Now I really don’t care if they run, I just want them to be careful when they do.  We have had many vet trips for sutures and x-rays and nearly every one of our dogs and neighbor dogs have made that same Vet trip.  Sometimes they will run into each other, nip at each other and even run into anything or everything.  “Over the river and through the woods to grandmothers house” is a wonderful verse to a lovely song, but with Border Collies, the through the woods part scares the bejeebers out of me.  I've seen them run through overgrowth and around trees missing them by only a smidgen of space with me, gritting my teeth the whole time, wanting to turn my head and look elsewhere.  Just a few weeks ago, I was brushing Abbie and discovered that she had a cut on her right side.  
After a good exam, I felt that it is something that we can manage and watch at home.  I had some antibiotics from another dog injury which would help with infection so we were well on our way to the “home health care” plan.  I sprinkled on some antibiotic powder along with an antibiotic pill and now we were on our way to recovery or so I thought...  In just about 2 minutes, Abbie had licked the powder off and continued to lick her boo boo with great pleasure.  As it comes to pass in most dog’s life, especially Border Collies, they face the dreaded doom…”THE CONE OF SHAME” or as some call it, "The No Fly food cover".
Being an experienced BC owner, I went to the top shelf in the kennel and got the last cone we had.  This was Abbie’s first time in the cone but after a rough start, she had mastered the “run and bang” theory very well, hitting everything in sight, and not stopping.  

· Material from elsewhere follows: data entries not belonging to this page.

(* Let $K_1,K_2$ be non-empty disjoint compact subsets of $\mathbf S^3$. There is $C\ge1$ such that for any $x\in K_1$, $y\in K_2$ and any $w\in\mathcal L_{\mathbb C}$ whose chain $L_w$ passes through $x$ and meets $K_2$, \[C^{-1}d(y,L_w)\le d_E(\pi_x(y),w)\le C\,d(y,L_w).\]
   Context: On $\mathbb{C}^3$: $u\cdot v=\sum u_i\bar v_i$, $\|u\|=\sqrt{u\cdot u}$, $\langle u,v\rangle=u_0\bar v_0-u_1\bar v_1-u_2\bar v_2$, $q(u)=\langle u,u\rangle$, $\|u\wedge v\|^2=\|u\|^2\|v\|^2-|u\cdot v|^2$. On $\mathbb P^2_{\mathbb C}$, $d_E(u,v)=\|u\wedge v\|/(\|u\|\|v\|)$. $\mathbf S^3=\{u:q(u)=0\}$ with visual metric $d(u,v)=\sqrt{|\langle u,v\rangle|/(\|u\|\|v\|)}$. $\mathcal L_{\mathbb C}=\{w:q(w)<0\}$; $w^\perp=\{u:\langle u,w\rangle=0\}$ and $L_w=w^\perp\cap\mathbf S^3$ (a chain). For $x\in\mathbf S^3$ and $y\in\mathbf S^3\setminus\{x\}$, $\pi_x(y)$ is the unique intersection point of the projective lines $x^\perp$ and $y^\perp$. $d(y,L_w)=\inf_{z\in L_w}d(y,z)$. *)

theory Defs
  imports "HOL-Analysis.Analysis"
begin

text \<open>Points of the complex projective plane are represented by nonzero vectors of C^3;
  all quantities below are invariant under rescaling of representatives.\<close>

definition hdot :: "complex^3 \<Rightarrow> complex^3 \<Rightarrow> complex" where
  "hdot u v = (\<Sum>i\<in>UNIV. u$i * cnj (v$i))"

definition herm :: "complex^3 \<Rightarrow> complex^3 \<Rightarrow> complex" where
  "herm u v = u$0 * cnj (v$0) - u$1 * cnj (v$1) - u$2 * cnj (v$2)"

definition qform :: "complex^3 \<Rightarrow> real" where
  "qform u = Re (herm u u)"

definition wedge_norm :: "complex^3 \<Rightarrow> complex^3 \<Rightarrow> real" where
  "wedge_norm u v = sqrt ((norm u)^2 * (norm v)^2 - (cmod (hdot u v))^2)"

definition dE :: "complex^3 \<Rightarrow> complex^3 \<Rightarrow> real" where
  "dE u v = wedge_norm u v / (norm u * norm v)"

definition S3 :: "(complex^3) set" where
  "S3 = {u. u \<noteq> 0 \<and> qform u = 0}"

Cone # 1...Help me...I can't lick my butt... 
Of all the past “cone of shame” wearers, she was the most active.  Abbie would assume it was flexible and would run as normal.  While I tried to limit her activity, you know it’s impossible with a BC, so off we were on a joy ride of sorts.  After nearly knocking the back door off its hinges, tires off of the car and whizzing past me knocking me to the ground, the “Cone of Shame” had seen better days in just one day. 
Cone #2, one day old... notice all the hits to solid objects...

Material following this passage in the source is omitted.